• _Assigned task_: Extract each line from the entries below that has the string "mapsto" in it.

• _Supplied data_:
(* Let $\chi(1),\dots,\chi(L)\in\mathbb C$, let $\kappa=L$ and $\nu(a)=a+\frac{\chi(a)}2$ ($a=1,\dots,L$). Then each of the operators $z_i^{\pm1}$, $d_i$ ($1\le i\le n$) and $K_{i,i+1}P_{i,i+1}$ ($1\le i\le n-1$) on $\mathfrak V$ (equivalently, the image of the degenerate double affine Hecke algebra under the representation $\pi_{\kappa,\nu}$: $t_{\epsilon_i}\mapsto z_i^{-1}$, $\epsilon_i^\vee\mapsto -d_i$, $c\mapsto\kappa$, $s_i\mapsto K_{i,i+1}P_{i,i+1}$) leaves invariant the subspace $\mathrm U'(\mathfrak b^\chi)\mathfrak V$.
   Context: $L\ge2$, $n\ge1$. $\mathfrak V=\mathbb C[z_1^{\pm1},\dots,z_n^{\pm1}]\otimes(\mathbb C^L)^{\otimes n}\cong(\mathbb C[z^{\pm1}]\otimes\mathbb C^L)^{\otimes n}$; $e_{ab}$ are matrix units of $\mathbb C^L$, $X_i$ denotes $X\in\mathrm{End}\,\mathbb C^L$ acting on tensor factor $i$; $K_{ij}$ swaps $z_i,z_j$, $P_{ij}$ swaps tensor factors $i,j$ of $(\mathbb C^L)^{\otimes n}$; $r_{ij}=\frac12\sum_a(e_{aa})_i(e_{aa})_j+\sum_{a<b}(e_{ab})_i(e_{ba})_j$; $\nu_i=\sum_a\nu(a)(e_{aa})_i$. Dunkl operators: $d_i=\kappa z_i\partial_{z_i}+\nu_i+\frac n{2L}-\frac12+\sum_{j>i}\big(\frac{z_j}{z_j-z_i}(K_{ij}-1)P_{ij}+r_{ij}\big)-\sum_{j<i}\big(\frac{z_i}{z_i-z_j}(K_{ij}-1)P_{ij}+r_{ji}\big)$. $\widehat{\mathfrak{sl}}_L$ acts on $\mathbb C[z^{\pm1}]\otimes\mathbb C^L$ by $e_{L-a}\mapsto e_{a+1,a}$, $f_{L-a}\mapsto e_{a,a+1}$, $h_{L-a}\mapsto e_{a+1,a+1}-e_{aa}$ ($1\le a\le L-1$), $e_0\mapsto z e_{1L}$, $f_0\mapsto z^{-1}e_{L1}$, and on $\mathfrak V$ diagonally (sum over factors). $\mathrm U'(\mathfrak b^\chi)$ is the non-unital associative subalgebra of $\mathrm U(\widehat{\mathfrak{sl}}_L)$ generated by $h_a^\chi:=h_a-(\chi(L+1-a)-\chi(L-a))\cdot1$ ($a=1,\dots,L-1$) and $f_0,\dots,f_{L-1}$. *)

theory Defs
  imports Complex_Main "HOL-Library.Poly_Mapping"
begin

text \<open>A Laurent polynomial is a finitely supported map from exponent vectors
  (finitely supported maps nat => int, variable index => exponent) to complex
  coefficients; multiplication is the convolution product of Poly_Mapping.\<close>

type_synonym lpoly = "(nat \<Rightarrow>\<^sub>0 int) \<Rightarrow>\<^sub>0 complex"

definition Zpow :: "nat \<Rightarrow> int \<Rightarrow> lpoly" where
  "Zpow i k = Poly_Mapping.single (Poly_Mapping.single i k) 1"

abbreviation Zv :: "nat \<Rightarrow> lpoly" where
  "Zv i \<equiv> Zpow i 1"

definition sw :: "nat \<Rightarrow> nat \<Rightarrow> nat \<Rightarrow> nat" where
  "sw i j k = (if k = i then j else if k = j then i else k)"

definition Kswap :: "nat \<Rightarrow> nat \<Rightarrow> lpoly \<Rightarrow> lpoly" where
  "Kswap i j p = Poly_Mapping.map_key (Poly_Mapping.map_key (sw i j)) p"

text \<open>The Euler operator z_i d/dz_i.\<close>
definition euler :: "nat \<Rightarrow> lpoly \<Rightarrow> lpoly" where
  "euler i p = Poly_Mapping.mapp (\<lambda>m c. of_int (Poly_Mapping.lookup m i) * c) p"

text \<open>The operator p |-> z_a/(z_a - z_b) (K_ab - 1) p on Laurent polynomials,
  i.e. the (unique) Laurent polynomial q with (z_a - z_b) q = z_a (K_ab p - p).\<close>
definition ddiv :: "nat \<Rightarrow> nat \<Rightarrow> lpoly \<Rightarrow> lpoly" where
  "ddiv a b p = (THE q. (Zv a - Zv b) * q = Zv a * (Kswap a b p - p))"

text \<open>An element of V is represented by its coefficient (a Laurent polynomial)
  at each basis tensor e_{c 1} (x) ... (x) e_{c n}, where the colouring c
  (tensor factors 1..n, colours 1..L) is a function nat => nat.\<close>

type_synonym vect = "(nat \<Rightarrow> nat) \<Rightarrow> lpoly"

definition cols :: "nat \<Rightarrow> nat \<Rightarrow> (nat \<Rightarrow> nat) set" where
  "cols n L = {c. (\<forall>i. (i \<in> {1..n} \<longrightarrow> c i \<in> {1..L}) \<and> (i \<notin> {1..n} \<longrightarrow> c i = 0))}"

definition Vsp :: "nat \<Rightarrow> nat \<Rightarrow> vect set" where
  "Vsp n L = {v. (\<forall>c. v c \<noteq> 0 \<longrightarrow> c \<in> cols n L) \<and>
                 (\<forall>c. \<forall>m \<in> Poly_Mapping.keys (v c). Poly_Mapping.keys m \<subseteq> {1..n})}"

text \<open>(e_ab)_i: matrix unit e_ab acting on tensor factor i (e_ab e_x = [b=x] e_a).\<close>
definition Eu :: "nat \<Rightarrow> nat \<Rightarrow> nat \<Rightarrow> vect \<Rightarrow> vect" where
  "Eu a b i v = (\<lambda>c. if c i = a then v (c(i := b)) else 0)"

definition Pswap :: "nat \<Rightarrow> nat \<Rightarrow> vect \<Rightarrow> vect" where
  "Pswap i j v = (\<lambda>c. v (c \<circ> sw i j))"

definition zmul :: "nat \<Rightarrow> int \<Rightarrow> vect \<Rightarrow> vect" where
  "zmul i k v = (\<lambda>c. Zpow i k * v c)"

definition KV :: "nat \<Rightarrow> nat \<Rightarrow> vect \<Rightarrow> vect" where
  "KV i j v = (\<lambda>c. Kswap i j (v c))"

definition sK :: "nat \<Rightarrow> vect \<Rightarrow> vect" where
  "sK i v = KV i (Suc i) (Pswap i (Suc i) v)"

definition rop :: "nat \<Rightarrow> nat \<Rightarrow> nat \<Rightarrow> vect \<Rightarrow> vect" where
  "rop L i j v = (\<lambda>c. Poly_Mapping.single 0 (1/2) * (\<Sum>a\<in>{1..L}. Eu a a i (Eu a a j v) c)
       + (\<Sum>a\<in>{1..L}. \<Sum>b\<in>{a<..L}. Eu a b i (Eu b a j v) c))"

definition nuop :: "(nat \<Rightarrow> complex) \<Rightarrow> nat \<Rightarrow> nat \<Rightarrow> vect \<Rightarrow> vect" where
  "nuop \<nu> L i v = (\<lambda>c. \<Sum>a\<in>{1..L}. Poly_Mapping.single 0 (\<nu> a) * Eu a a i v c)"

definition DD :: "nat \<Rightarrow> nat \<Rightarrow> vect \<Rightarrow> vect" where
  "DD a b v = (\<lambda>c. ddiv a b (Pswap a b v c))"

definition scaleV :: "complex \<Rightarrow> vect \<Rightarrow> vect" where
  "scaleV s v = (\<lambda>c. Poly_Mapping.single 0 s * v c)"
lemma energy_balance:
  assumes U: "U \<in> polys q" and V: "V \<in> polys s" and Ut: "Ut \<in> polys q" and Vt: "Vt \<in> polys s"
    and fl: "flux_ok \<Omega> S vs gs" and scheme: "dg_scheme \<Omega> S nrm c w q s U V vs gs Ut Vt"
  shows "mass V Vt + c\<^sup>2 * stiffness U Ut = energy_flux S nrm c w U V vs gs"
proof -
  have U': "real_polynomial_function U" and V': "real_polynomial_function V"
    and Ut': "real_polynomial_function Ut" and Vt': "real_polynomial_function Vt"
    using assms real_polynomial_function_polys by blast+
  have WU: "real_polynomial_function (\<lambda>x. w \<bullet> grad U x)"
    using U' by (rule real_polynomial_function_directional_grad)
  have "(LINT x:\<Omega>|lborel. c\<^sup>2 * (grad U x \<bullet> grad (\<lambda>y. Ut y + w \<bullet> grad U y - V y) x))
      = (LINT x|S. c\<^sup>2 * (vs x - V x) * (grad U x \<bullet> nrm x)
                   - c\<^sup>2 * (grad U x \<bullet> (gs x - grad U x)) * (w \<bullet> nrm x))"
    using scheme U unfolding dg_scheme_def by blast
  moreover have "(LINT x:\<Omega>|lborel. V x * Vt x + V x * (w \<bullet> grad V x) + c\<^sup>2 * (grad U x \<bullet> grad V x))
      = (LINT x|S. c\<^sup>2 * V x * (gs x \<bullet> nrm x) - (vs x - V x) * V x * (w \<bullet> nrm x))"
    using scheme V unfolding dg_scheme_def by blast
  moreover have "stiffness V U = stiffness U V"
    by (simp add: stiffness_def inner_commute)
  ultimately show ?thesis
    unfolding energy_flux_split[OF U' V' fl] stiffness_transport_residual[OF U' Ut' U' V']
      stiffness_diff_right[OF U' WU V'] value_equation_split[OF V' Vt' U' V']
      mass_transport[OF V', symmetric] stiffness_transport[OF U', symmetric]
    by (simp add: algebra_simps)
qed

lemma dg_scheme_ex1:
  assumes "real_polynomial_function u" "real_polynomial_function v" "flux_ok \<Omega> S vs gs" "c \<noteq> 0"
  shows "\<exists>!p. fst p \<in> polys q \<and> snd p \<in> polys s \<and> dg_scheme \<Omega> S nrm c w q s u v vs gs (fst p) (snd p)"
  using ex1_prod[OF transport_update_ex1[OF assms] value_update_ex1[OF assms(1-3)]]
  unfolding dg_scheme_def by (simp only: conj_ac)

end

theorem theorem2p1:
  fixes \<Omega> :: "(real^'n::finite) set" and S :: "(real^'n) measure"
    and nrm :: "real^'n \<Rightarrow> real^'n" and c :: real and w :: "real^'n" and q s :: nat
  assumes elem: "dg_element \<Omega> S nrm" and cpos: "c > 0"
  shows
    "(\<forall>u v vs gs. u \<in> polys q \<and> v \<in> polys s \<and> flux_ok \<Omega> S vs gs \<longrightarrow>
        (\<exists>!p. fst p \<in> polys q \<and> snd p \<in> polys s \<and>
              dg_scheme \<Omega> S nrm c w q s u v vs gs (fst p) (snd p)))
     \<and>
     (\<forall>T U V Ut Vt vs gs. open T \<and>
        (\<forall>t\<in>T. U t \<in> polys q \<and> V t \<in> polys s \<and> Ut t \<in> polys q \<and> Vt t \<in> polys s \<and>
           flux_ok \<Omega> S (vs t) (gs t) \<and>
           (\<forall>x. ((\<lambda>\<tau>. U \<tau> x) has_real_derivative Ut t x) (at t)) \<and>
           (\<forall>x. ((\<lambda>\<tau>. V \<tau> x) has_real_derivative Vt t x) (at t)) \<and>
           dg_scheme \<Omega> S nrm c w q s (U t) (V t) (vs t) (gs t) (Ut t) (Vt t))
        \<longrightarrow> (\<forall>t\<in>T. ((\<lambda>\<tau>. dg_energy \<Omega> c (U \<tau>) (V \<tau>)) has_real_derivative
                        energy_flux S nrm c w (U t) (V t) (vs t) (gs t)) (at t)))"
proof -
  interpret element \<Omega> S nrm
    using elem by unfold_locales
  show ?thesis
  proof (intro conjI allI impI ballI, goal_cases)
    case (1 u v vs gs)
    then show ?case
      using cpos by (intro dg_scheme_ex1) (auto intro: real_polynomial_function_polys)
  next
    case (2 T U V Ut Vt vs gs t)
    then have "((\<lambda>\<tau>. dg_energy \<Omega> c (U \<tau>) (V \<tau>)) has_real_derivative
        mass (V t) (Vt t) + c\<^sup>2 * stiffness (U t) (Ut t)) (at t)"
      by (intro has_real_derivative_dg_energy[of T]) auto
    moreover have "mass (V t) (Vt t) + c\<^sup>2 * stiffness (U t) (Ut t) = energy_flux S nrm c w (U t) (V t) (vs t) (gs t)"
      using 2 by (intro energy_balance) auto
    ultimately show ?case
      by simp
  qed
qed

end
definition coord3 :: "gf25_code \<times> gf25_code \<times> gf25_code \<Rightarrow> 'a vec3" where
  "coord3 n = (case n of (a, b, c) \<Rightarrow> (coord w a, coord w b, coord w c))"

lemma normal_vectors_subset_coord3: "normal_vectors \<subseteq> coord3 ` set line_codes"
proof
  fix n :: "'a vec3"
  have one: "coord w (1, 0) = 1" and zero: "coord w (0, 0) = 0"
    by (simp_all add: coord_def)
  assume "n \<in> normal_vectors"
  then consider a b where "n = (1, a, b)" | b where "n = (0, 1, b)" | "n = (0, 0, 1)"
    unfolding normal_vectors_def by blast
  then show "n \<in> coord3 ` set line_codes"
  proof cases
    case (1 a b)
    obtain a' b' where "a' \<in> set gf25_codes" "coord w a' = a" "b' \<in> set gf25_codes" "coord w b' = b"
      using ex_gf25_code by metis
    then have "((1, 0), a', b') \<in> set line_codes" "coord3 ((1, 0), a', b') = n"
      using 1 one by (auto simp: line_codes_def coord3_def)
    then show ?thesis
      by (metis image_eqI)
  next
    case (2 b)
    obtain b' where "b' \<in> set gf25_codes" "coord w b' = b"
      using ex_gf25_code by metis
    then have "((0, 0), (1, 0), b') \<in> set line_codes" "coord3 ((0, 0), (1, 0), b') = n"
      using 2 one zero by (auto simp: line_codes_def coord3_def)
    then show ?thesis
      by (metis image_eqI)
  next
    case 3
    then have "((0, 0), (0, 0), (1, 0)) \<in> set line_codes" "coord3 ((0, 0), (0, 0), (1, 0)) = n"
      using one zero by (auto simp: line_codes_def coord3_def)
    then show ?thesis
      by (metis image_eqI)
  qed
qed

• _Exercise solution_:
(* Let $\chi(1),\dots,\chi(L)\in\mathbb C$, let $\kappa=L$ and $\nu(a)=a+\frac{\chi(a)}2$ ($a=1,\dots,L$). Then each of the operators $z_i^{\pm1}$, $d_i$ ($1\le i\le n$) and $K_{i,i+1}P_{i,i+1}$ ($1\le i\le n-1$) on $\mathfrak V$ (equivalently, the image of the degenerate double affine Hecke algebra under the representation $\pi_{\kappa,\nu}$: $t_{\epsilon_i}\mapsto z_i^{-1}$, $\epsilon_i^\vee\mapsto -d_i$, $c\mapsto\kappa$, $s_i\mapsto K_{i,i+1}P_{i,i+1}$) leaves invariant the subspace $\mathrm U'(\mathfrak b^\chi)\mathfrak V$.
   Context: $L\ge2$, $n\ge1$. $\mathfrak V=\mathbb C[z_1^{\pm1},\dots,z_n^{\pm1}]\otimes(\mathbb C^L)^{\otimes n}\cong(\mathbb C[z^{\pm1}]\otimes\mathbb C^L)^{\otimes n}$; $e_{ab}$ are matrix units of $\mathbb C^L$, $X_i$ denotes $X\in\mathrm{End}\,\mathbb C^L$ acting on tensor factor $i$; $K_{ij}$ swaps $z_i,z_j$, $P_{ij}$ swaps tensor factors $i,j$ of $(\mathbb C^L)^{\otimes n}$; $r_{ij}=\frac12\sum_a(e_{aa})_i(e_{aa})_j+\sum_{a<b}(e_{ab})_i(e_{ba})_j$; $\nu_i=\sum_a\nu(a)(e_{aa})_i$. Dunkl operators: $d_i=\kappa z_i\partial_{z_i}+\nu_i+\frac n{2L}-\frac12+\sum_{j>i}\big(\frac{z_j}{z_j-z_i}(K_{ij}-1)P_{ij}+r_{ij}\big)-\sum_{j<i}\big(\frac{z_i}{z_i-z_j}(K_{ij}-1)P_{ij}+r_{ji}\big)$. $\widehat{\mathfrak{sl}}_L$ acts on $\mathbb C[z^{\pm1}]\otimes\mathbb C^L$ by $e_{L-a}\mapsto e_{a+1,a}$, $f_{L-a}\mapsto e_{a,a+1}$, $h_{L-a}\mapsto e_{a+1,a+1}-e_{aa}$ ($1\le a\le L-1$), $e_0\mapsto z e_{1L}$, $f_0\mapsto z^{-1}e_{L1}$, and on $\mathfrak V$ diagonally (sum over factors). $\mathrm U'(\mathfrak b^\chi)$ is the non-unital associative subalgebra of $\mathrm U(\widehat{\mathfrak{sl}}_L)$ generated by $h_a^\chi:=h_a-(\chi(L+1-a)-\chi(L-a))\cdot1$ ($a=1,\dots,L-1$) and $f_0,\dots,f_{L-1}$. *)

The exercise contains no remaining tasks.